There was that in Gamble's change of countenance which startled Toole, who, seeing that his glance was directed through an open door at the other end of the room, skipped from his chair and peeped through it. There was nothing, however, visible but a tenebrose and empty passage.

'What did you see—eh? What frightens you?' said Toole. 'One would think you saw Nutter—like—like.'

Gamble looked horribly perturbed at these words.

'Shut it,' said he, nearing the door, on which Toole's hand rested. Toole took another peep, and did so.

'Why, there's nothing there—like—like the women down at the Mills there,' continued the doctor.

'What about the women?' enquired Gamble, not seeming to know very well what he was saying, agitated still—perhaps, intending to keep Toole talking.

'Why, the women—the maids, you know—poor Nutter's servants, down at the Mills. They swear he walks the house, and they'll have it they saw him last night.'

'Pish! Sir—'tis all conceit and vapours—women's fancies—a plague o' them all. And where's poor Mrs. Nutter?' said Gamble, clapping on his cocked-hat, and taking his cane, and stuffing two or three bundles of law papers into his coat pockets.

'At home—at the Mills. She slept at the village and so missed the ghost. The Macnamaras have been mighty kind. But when the news was told her this morning, poor thing, she would not stay, and went home; and there she is, poor little soul, breaking her heart.'

Mr. Gamble was not ceremonious; so he just threw a cursory and anxious glance round the room, clapped his hands on his coat pockets, making a bunch of keys ring somewhere deep in their caverns. And all being right—

'Come along, gentlemen,' says he, 'I'm going to lock the door;' and without looking behind him, he bolted forth abstractedly into his dusty ante-room.

'Get your cloak about you, Sir—remember your cough, you know—the air of the streets is sharp,' said he with a sly wink, to his ugly client, who hastily took the hint.

'Is that coach at the door?' bawled Gamble to his clerks in the next room, while he locked the door of his own snuggery behind him; and being satisfied it was so, he conducted the party out by a side door, avoiding the clerks' room, and so down stairs.

'Drive to the courts,' said the attorney to the coachman; and that was all Toole learned about it that day.

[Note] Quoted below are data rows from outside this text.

(* For any $\rho>0$ and $n\in\mathbb{N}$, the following randomized test $\texttt{DPBern}$ satisfies $\rho$-zCDP (with respect to datasets of $n$ rows $(x_i,y_i)\in\mathbb{R}^2$, $n$ public). Input: data $(x_1,y_1),\dots,(x_n,y_n)$, $\rho>0$, and a significance level $\alpha\in(0,1)$. Choose a uniformly random permutation $\tau$ of $[n]$, let $n_s=\lfloor n/2\rfloor$ and $s=0$. For $i=1,\dots,n_s$: if $x_{\tau(n_s+i)}\ne x_{\tau(i)}$, add $\mathbb{1}\{(y_{\tau(n_s+i)}-y_{\tau(i)})/(x_{\tau(n_s+i)}-x_{\tau(i)})>0\}$ to $s$; otherwise add an independent $\mathrm{Bern}(1/2)$ sample to $s$. Then replace $s$ by $s+\mathcal{N}(0,\frac1{2\rho})$. Let $N_{\alpha/2},N_{1-\alpha/2}$ be the $\alpha/2$ and $1-\alpha/2$ quantiles of $\mathcal{N}(n_s/2,\ n_s/4+\frac1{2\rho})$. Output "reject the null" if $s\notin(N_{\alpha/2},N_{1-\alpha/2})$ and "fail to reject the null" otherwise.
   Context: Two datasets of $n$ rows are neighboring if they differ in exactly one row. A randomized mechanism $\mathcal{M}$ satisfies $\rho$-zCDP if for all neighboring datasets $\mathbf{x},\mathbf{x}'$ and all $\alpha'\in(1,\infty)$, $D_{\alpha'}(\mathcal{M}(\mathbf{x})\|\mathcal{M}(\mathbf{x}'))\le\rho\alpha'$, where $D_{\alpha'}$ is the Rényi divergence of order $\alpha'$. *)

theory Defs
  imports "HOL-Probability.Probability"
begin

definition renyi_div :: "real \<Rightarrow> 'b::finite pmf \<Rightarrow> 'b pmf \<Rightarrow> ereal" where
  "renyi_div a P Q =
     (if \<exists>w. pmf Q w = 0 \<and> pmf P w > 0 then \<infinity>
      else ereal (ln (\<Sum>w\<in>UNIV. pmf P w powr a * pmf Q w powr (1 - a)) / (a - 1)))"

definition neighboring :: "nat \<Rightarrow> 'r list \<Rightarrow> 'r list \<Rightarrow> bool" where
  "neighboring n xs ys \<longleftrightarrow> length xs = n \<and> length ys = n \<and>
     card {i. i < n \<and> xs ! i \<noteq> ys ! i} = 1"
(* Let $(\Omega,d)$ be a noncomplete $L$-quasiconvex metric space which is open in its completion, and let $\mu$ be a Borel measure on $\Omega$ which is globally doubling on $(\Omega,d)$ with doubling constant $C_\mu$. Let $\alpha>0$. Then $\mu^\alpha$ is doubling on $(\Omega,k)$ for $k$-balls of radii at most $\tfrac18$, with doubling constant $4^\alpha C_\mu^m$ where $m=\lceil\log_2 8L\rceil$. Moreover, for every $R_1>0$, $\mu^\alpha$ is doubling on $(\Omega,k)$ for $k$-balls of radii at most $R_1$.
   Context: A metric space is $L$-quasiconvex if any two points $x,y$ can be joined by a curve of length at most $L\,d(x,y)$. Let $\partial\Omega$ be the boundary of $\Omega$ in its completion and $d_\Omega(x)=\operatorname{dist}(x,\partial\Omega)$. The quasihyperbolic metric is $k(x,y)=\inf_\gamma\int_\gamma\frac{ds}{d_\Omega(\gamma(s))}$, the infimum over rectifiable curves in $\Omega$ joining $x$ to $y$; $k$-balls are balls with respect to $k$. For $\alpha>0$, $\mu^\alpha(E)=\int_E d_\Omega(x)^{-\alpha}\,d\mu(x)$. A measure $\nu$ is doubling for balls of radii at most $R$ with constant $C$ if $0<\nu(B(x,2r))\le C\nu(B(x,r))<\infty$ for all $x$ and $0<r\le R$; globally doubling if this holds for all $r>0$. *)

theory Defs
  imports "HOL-Analysis.Analysis"
begin

text \<open>Setting: the metric space Omega is represented as a subset of a complete metric
space (type class complete_space); its completion is then (isometric to) closure Omega.\<close>

definition bdry_compl :: "'a::metric_space set \<Rightarrow> 'a set" where
  "bdry_compl \<Omega> = closure \<Omega> - \<Omega>"

definition dist_bdry :: "'a::metric_space set \<Rightarrow> 'a \<Rightarrow> real" where
  "dist_bdry \<Omega> x = infdist x (bdry_compl \<Omega>)"

definition curve_length :: "(real \<Rightarrow> 'a::metric_space) \<Rightarrow> real \<Rightarrow> real \<Rightarrow> ennreal" where
  "curve_length g a b =
     (SUP p \<in> {(t, n). t 0 = a \<and> t n = b \<and> (\<forall>i<n. t i \<le> t (Suc i))}.
        ennreal (\<Sum>i<snd p. dist (g (fst p i)) (g (fst p (Suc i)))))"

definition curve_in :: "'a::metric_space set \<Rightarrow> (real \<Rightarrow> 'a) \<Rightarrow> bool" where
  "curve_in \<Omega> g \<longleftrightarrow> path g \<and> path_image g \<subseteq> \<Omega>"

definition rectifiable :: "(real \<Rightarrow> 'a::metric_space) \<Rightarrow> bool" where
  "rectifiable g \<longleftrightarrow> path g \<and> curve_length g 0 1 < \<infinity>"

definition quasiconvex :: "real \<Rightarrow> 'a::metric_space set \<Rightarrow> bool" where
  "quasiconvex L \<Omega> \<longleftrightarrow>
     (\<forall>x\<in>\<Omega>. \<forall>y\<in>\<Omega>. \<exists>g. curve_in \<Omega> g \<and> pathstart g = x \<and> pathfinish g = y \<and>
        curve_length g 0 1 \<le> ennreal (L * dist x y))"

definition arclength_fun :: "(real \<Rightarrow> 'a::metric_space) \<Rightarrow> real \<Rightarrow> real" where
  "arclength_fun g t = enn2real (curve_length g 0 (min t 1))"

definition line_integral :: "('a::metric_space \<Rightarrow> ennreal) \<Rightarrow> (real \<Rightarrow> 'a) \<Rightarrow> ennreal" where
  "line_integral f g = set_nn_integral (interval_measure (arclength_fun g)) {0..1} (\<lambda>t. f (g t))"

definition qh_dist :: "'a::metric_space set \<Rightarrow> 'a \<Rightarrow> 'a \<Rightarrow> ennreal" where
  "qh_dist \<Omega> x y =
     (INF g \<in> {g. curve_in \<Omega> g \<and> rectifiable g \<and> pathstart g = x \<and> pathfinish g = y}.
        line_integral (\<lambda>z. ennreal (1 / dist_bdry \<Omega> z)) g)"
lemma Q8_next_returns_after:
  assumes "s < 4"
  shows "returns_after (Q8_next s) (replicate 8 False) (Q8_next s (replicate 8 False)) 255"
proof -
  have "s = 0 \<or> s = 1 \<or> s = 2 \<or> s = 3" using assms by auto
  moreover have "replicate 8 False = [False, False, False, False, False, False, False, False]"
    by (simp add: numeral_eq_Suc)
  ultimately show ?thesis
    by (elim disjE) (simp_all add: returns_after_numeral Q8_dirs_table Q8_next_def flip_bit_def)
qed

lemma hamiltonian_orbit_Q8_next:
  assumes "s < 4"
  shows "hamiltonian_orbit Q8_verts (Q8_next s) (replicate 8 False)"
proof (rule hamiltonian_orbitI[where n = 255])
  show "replicate 8 False \<in> Q8_verts" by (simp add: Q8_verts_def)
  show "Q8_next s ` Q8_verts \<subseteq> Q8_verts" by (auto intro: Q8_next_in_verts)
  show "card Q8_verts = Suc 255" by (simp add: card_Q8_verts)
  show "returns_after (Q8_next s) (replicate 8 False) (Q8_next s (replicate 8 False)) 255"
    using assms by (rule Q8_next_returns_after)
qed

theorem lemma9:
  fixes k :: nat
  assumes "k \<le> 4"
  shows "\<exists>(p :: bool list \<Rightarrow> nat \<Rightarrow> bool list) (H :: nat \<Rightarrow> bool list set set).
    is_DVOP Q8_verts Q8_adj k p \<and>
    (\<forall>i < 4 - k. hamiltonian_cycle Q8_verts Q8_adj (H i)) \<and>
    (\<forall>i < 4 - k. DVOP_edges Q8_verts k p \<inter> H i = {}) \<and>
    (\<forall>i < 4 - k. \<forall>j < 4 - k. i \<noteq> j \<longrightarrow> H i \<inter> H j = {}) \<and>
    DVOP_edges Q8_verts k p \<union> (\<Union>i < 4 - k. H i) = graph_edges Q8_verts Q8_adj"
  using finite_Q8_verts assms hamiltonian_orbit_Q8_next Q8_adj_next Q8_arcs_inj Q8_arcs_cover Q8_walk_inj
  by (rule DVOP_hamiltonian_decomposition)

end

So he mounted his nag, and resumed his journey to Ringsend at a brisk trot.

I suppose, when he turned the key in his door, and dropped it into his breeches' pocket, the gentleman attorney assumed that he had made everything perfectly safe in his private chamber, though Toole thought he had not looked quite the same again after that sudden change of countenance he had remarked.

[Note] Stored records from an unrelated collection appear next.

(* Let $\mathbb K$ be a field, $0\ne t\in\mathbb K$, $\kappa\in\mathbb Z^\ell$ with $\kappa_l-\kappa_{l+1}\ge n$, $(\mathbb K,t)$ separating $\mathrm{Std}(\mathcal P_n)$, and let $\{f_{\mathfrak s\mathfrak t}\}$ be a $*$-seminormal basis of $\mathscr H_n(\mathbb K)$ with associated seminormal coefficient system $\alpha$ (so $f_{\mathfrak s\mathfrak t}T_r=\alpha_r(\mathfrak t)f_{\mathfrak s,\mathfrak t(r,r+1)}-[\rho_r(\mathfrak t)]^{-1}f_{\mathfrak s\mathfrak t}$) and scalars $\gamma_{\mathfrak t}$ with $f_{\mathfrak s\mathfrak t}f_{\mathfrak u\mathfrak v}=\delta_{\mathfrak t\mathfrak u}\gamma_{\mathfrak t}f_{\mathfrak s\mathfrak v}$. If $\mathfrak t\in\mathrm{Std}(\mathcal P_n)$, $1\le r<n$, and $\mathfrak v=\mathfrak t(r,r+1)$ is standard, then $\alpha_r(\mathfrak v)\gamma_{\mathfrak t}=\alpha_r(\mathfrak t)\gamma_{\mathfrak v}$.
   Context: Quantum integers $[d]=[d]_t$. $\mathscr H_n(\mathbb K)=\mathscr H_n(\mathbb K,t,\kappa)$: generators $L_1..L_n,T_1..T_{n-1}$, relations $\prod_l(L_1-[\kappa_l])=0$, $(T_r+1)(T_r-t)=0$, $L_rL_s=L_sL_r$, $T_rT_s=T_sT_r$ ($|r-s|>1$), $T_sT_{s+1}T_s=T_{s+1}T_sT_{s+1}$, $T_rL_s=L_sT_r$ ($s\ne r,r+1$), $L_{r+1}(T_r-t+1)=T_rL_r+1$; $*$ the anti-involution fixing all generators. Separation: $[n]^!\prod_{l<m}\prod_{-n<d<n}[\kappa_l-\kappa_m+d]\ne0$. Content of $(l,r,c)$ is $\kappa_l-r+c$; $c_k(\mathfrak t)$ the content of $k$ in $\mathfrak t$; $\rho_r(\mathfrak t)=c_r(\mathfrak t)-c_{r+1}(\mathfrak t)$; $f_{\mathfrak s,\mathfrak w}=0$ if $\mathfrak w$ is not standard. A $*$-seminormal basis is a basis $\{f_{\mathfrak s\mathfrak t}\}$ indexed by pairs of standard tableaux of the same shape with $L_rf_{\mathfrak s\mathfrak t}=[c_r(\mathfrak s)]f_{\mathfrak s\mathfrak t}$, $f_{\mathfrak s\mathfrak t}L_r=[c_r(\mathfrak t)]f_{\mathfrak s\mathfrak t}$ and $f_{\mathfrak s\mathfrak t}^*=f_{\mathfrak t\mathfrak s}$; for such a basis there exist unique scalars $\alpha_r(\mathfrak t)$ and non-zero scalars $\gamma_{\mathfrak t}$ with the stated properties. *)

theory Defs
  imports Main
begin

text \<open>Nodes (l,r,c): component l, row r, column c (all indices start at 1).
  A tableau with n entries is represented by its position map: k \<mapsto> node containing k,
  for k in {1..n}; outside {1..n} it is normalised to (0,0,0).\<close>

type_synonym node = "nat \<times> nat \<times> nat"
type_synonym tableau = "nat \<Rightarrow> node"

definition qint :: "'k::field \<Rightarrow> int \<Rightarrow> 'k" where
  "qint t d = (if t = 1 then of_int d else (t powi d - 1) / (t - 1))"

definition qfact :: "'k::field \<Rightarrow> nat \<Rightarrow> 'k" where
  "qfact t n = (\<Prod>k\<in>{1..n}. qint t (int k))"

definition separating :: "'k::field \<Rightarrow> nat \<Rightarrow> (nat \<Rightarrow> int) \<Rightarrow> nat \<Rightarrow> bool" where
  "separating t ell \<kappa> n \<longleftrightarrow>
     qfact t n * (\<Prod>l\<in>{1..ell}. \<Prod>m\<in>{l<..ell}. \<Prod>d\<in>{-int n<..<int n}. qint t (\<kappa> l - \<kappa> m + d)) \<noteq> 0"

definition mp_diagram :: "nat \<Rightarrow> nat \<Rightarrow> node set \<Rightarrow> bool" where
  "mp_diagram ell n D \<longleftrightarrow> finite D \<and> card D = n \<and>
     (\<forall>l r c. (l,r,c) \<in> D \<longrightarrow> 1 \<le> l \<and> l \<le> ell \<and> 1 \<le> r \<and> 1 \<le> c) \<and>
     (\<forall>l r c. (l,r,c) \<in> D \<longrightarrow> (1 < r \<longrightarrow> (l,r-1,c) \<in> D) \<and> (1 < c \<longrightarrow> (l,r,c-1) \<in> D))"

definition shape :: "nat \<Rightarrow> tableau \<Rightarrow> node set" where
  "shape n t = t ` {1..n}"

definition std_tableau :: "nat \<Rightarrow> nat \<Rightarrow> tableau \<Rightarrow> bool" where
  "std_tableau ell n t \<longleftrightarrow> mp_diagram ell n (shape n t) \<and> inj_on t {1..n} \<and>
     (\<forall>k. k \<notin> {1..n} \<longrightarrow> t k = (0,0,0)) \<and>
     (\<forall>i\<in>{1..n}. \<forall>j\<in>{1..n}. \<forall>l r c.
        t i = (l,r,c) \<and> (t j = (l,r,Suc c) \<or> t j = (l,Suc r,c)) \<longrightarrow> i < j)"

definition std_pairs :: "nat \<Rightarrow> nat \<Rightarrow> (tableau \<times> tableau) set" where
  "std_pairs ell n = {(s,u). std_tableau ell n s \<and> std_tableau ell n u \<and> shape n s = shape n u}"

definition content :: "(nat \<Rightarrow> int) \<Rightarrow> tableau \<Rightarrow> nat \<Rightarrow> int" where
  "content \<kappa> t k = (case t k of (l,r,c) \<Rightarrow> \<kappa> l - int r + int c)"

definition rho :: "(nat \<Rightarrow> int) \<Rightarrow> tableau \<Rightarrow> nat \<Rightarrow> int" where
  "rho \<kappa> t r = content \<kappa> t r - content \<kappa> t (Suc r)"

definition tswap :: "nat \<Rightarrow> tableau \<Rightarrow> tableau" where
  "tswap r t = t(r := t (Suc r), Suc r := t r)"

text \<open>A K-algebra: a ring with a central unital ring homomorphism from the field K;
  scalar multiplication is c\<cdot>x = ofK c * x.\<close>
definition K_algebra :: "('k::field \<Rightarrow> 'a::ring_1) \<Rightarrow> bool" where
  "K_algebra ofK \<longleftrightarrow> (\<forall>a b. ofK (a + b) = ofK a + ofK b) \<and> (\<forall>a b. ofK (a * b) = ofK a * ofK b) \<and>
     ofK 1 = 1 \<and> (\<forall>c x. ofK c * x = x * ofK c)"

definition hecke_relations :: "('k::field \<Rightarrow> 'a::ring_1) \<Rightarrow> 'k \<Rightarrow> nat \<Rightarrow> (nat \<Rightarrow> int) \<Rightarrow> nat
     \<Rightarrow> (nat \<Rightarrow> 'a) \<Rightarrow> (nat \<Rightarrow> 'a) \<Rightarrow> bool" where
  "hecke_relations ofK t ell \<kappa> n L T \<longleftrightarrow>
     prod_list (map (\<lambda>l. L 1 - ofK (qint t (\<kappa> l))) [1..<Suc ell]) = 0 \<and>
     (\<forall>r\<in>{1..<n}. (T r + 1) * (T r - ofK t) = 0) \<and>
     (\<forall>r\<in>{1..n}. \<forall>s\<in>{1..n}. L r * L s = L s * L r) \<and>
     (\<forall>r\<in>{1..<n}. \<forall>s\<in>{1..<n}. (r + 1 < s \<or> s + 1 < r) \<longrightarrow> T r * T s = T s * T r) \<and>
     (\<forall>s. 1 \<le> s \<and> s + 1 < n \<longrightarrow> T s * T (s+1) * T s = T (s+1) * T s * T (s+1)) \<and>
     (\<forall>r\<in>{1..<n}. \<forall>s\<in>{1..n}. s \<noteq> r \<and> s \<noteq> r + 1 \<longrightarrow> T r * L s = L s * T r) \<and>
     (\<forall>r\<in>{1..<n}. L (r+1) * (T r - ofK t + 1) = T r * L r + 1)"

inductive_set gen_subalg :: "('k::field \<Rightarrow> 'a::ring_1) \<Rightarrow> (nat \<Rightarrow> 'a) \<Rightarrow> (nat \<Rightarrow> 'a) \<Rightarrow> nat \<Rightarrow> 'a set"
  for ofK L T n where
  scalar: "ofK c \<in> gen_subalg ofK L T n"
| genL: "r \<in> {1..n} \<Longrightarrow> L r \<in> gen_subalg ofK L T n"
| genT: "r \<in> {1..<n} \<Longrightarrow> T r \<in> gen_subalg ofK L T n"
| add: "x \<in> gen_subalg ofK L T n \<Longrightarrow> y \<in> gen_subalg ofK L T n \<Longrightarrow> x + y \<in> gen_subalg ofK L T n"
| mult: "x \<in> gen_subalg ofK L T n \<Longrightarrow> y \<in> gen_subalg ofK L T n \<Longrightarrow> x * y \<in> gen_subalg ofK L T n"

definition anti_involution :: "('k::field \<Rightarrow> 'a::ring_1) \<Rightarrow> (nat \<Rightarrow> 'a) \<Rightarrow> (nat \<Rightarrow> 'a) \<Rightarrow> nat \<Rightarrow> ('a \<Rightarrow> 'a) \<Rightarrow> bool" where
  "anti_involution ofK L T n star \<longleftrightarrow>
     (\<forall>x y. star (x + y) = star x + star y) \<and> (\<forall>x y. star (x * y) = star y * star x) \<and>
     (\<forall>c. star (ofK c) = ofK c) \<and> (\<forall>x. star (star x) = x) \<and>
     (\<forall>r\<in>{1..n}. star (L r) = L r) \<and> (\<forall>r\<in>{1..<n}. star (T r) = T r)"

definition is_K_basis :: "('k::field \<Rightarrow> 'a::ring_1) \<Rightarrow> 'i set \<Rightarrow> ('i \<Rightarrow> 'a) \<Rightarrow> bool" where
  "is_K_basis ofK I b \<longleftrightarrow> finite I \<and>
     (\<forall>x. \<exists>c. x = (\<Sum>p\<in>I. ofK (c p) * b p)) \<and>
     (\<forall>c. (\<Sum>p\<in>I. ofK (c p) * b p) = 0 \<longrightarrow> (\<forall>p\<in>I. c p = 0))"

Now, it was a darksome day, and the windows of Mr. Gamble's room were so obscured with cobwebs, dust, and dirt, that even on a sunny day they boasted no more than a dim religious light. But on this day a cheerful man would have asked for a pair of candles, to dissipate the twilight and sustain his spirits.

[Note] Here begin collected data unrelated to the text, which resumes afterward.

lemma eval_rpoly_mon: "eval_rpoly \<phi> w (mon \<alpha>) = eval_monom w \<alpha>"
  using hom by (simp add: mon_def eval_rpoly_single is_real_hom_def)

lemma eval_chromatic_sym:
  "eval_rpoly \<phi> w (chromatic_sym N V E) = (\<Sum>\<kappa>\<in>proper_colourings N V E. \<Prod>v\<in>V. w (\<kappa> v))"
  by (simp add: chromatic_sym_def eval_rpoly_sum eval_rpoly_mon eval_monom_sum)

end

section \<open>Elementary symmetric functions as coefficients\<close>

definition esym :: "(nat \<Rightarrow> 'a::comm_ring_1) \<Rightarrow> nat set \<Rightarrow> nat \<Rightarrow> 'a" where
  "esym w I k = (\<Sum>S\<in>{S. S \<subseteq> I \<and> card S = k}. \<Prod>i\<in>S. w i)"

lemma esym_0: "finite I \<Longrightarrow> esym w I 0 = 1"
proof -
  assume "finite I"
  then have "{S. S \<subseteq> I \<and> card S = 0} = {{}}" by (auto dest: finite_subset)
  then show ?thesis by (simp add: esym_def)
qed

lemma esym_empty_Suc: "esym w {} (Suc k) = 0"
proof -
  have none: "{S. S \<subseteq> {} \<and> card S = Suc k} = {}" by auto
  show ?thesis unfolding esym_def none by simp
qed

lemma subsets_insert_card_Suc:
  assumes "finite I" "x \<notin> I"
  shows "{S. S \<subseteq> insert x I \<and> card S = Suc k} =
     {S. S \<subseteq> I \<and> card S = Suc k} \<union> insert x ` {S. S \<subseteq> I \<and> card S = k}"
proof (intro equalityI subsetI)
  fix S assume S: "S \<in> {S. S \<subseteq> insert x I \<and> card S = Suc k}"
  show "S \<in> {S. S \<subseteq> I \<and> card S = Suc k} \<union> insert x ` {S. S \<subseteq> I \<and> card S = k}"
  proof (cases "x \<in> S")
    case True
    have "finite S" using S assms finite_subset by auto
    then have "S - {x} \<subseteq> I" "card (S - {x}) = k" using S True by auto
    moreover have "S = insert x (S - {x})" using True by auto
    ultimately show ?thesis by blast
  qed (use S in auto)
next
  fix S assume "S \<in> {S. S \<subseteq> I \<and> card S = Suc k} \<union> insert x ` {S. S \<subseteq> I \<and> card S = k}"
  moreover have "finite T \<and> x \<notin> T" if "T \<subseteq> I" for T
    using that assms finite_subset by auto
  ultimately show "S \<in> {S. S \<subseteq> insert x I \<and> card S = Suc k}"
    by auto
qed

He had not been gone, and the room empty ten minutes, when the door through which he had seemed to look on that unknown something that dismayed him, opened softly—at first a little—then a little more—then came a knock at it—then it opened more, and the dark shape of Charles Nutter, with rigid features and white eye-balls, glided stealthily and crouching into the chamber, and halted at the table, and seemed to read the endorsements of the notices that lay there.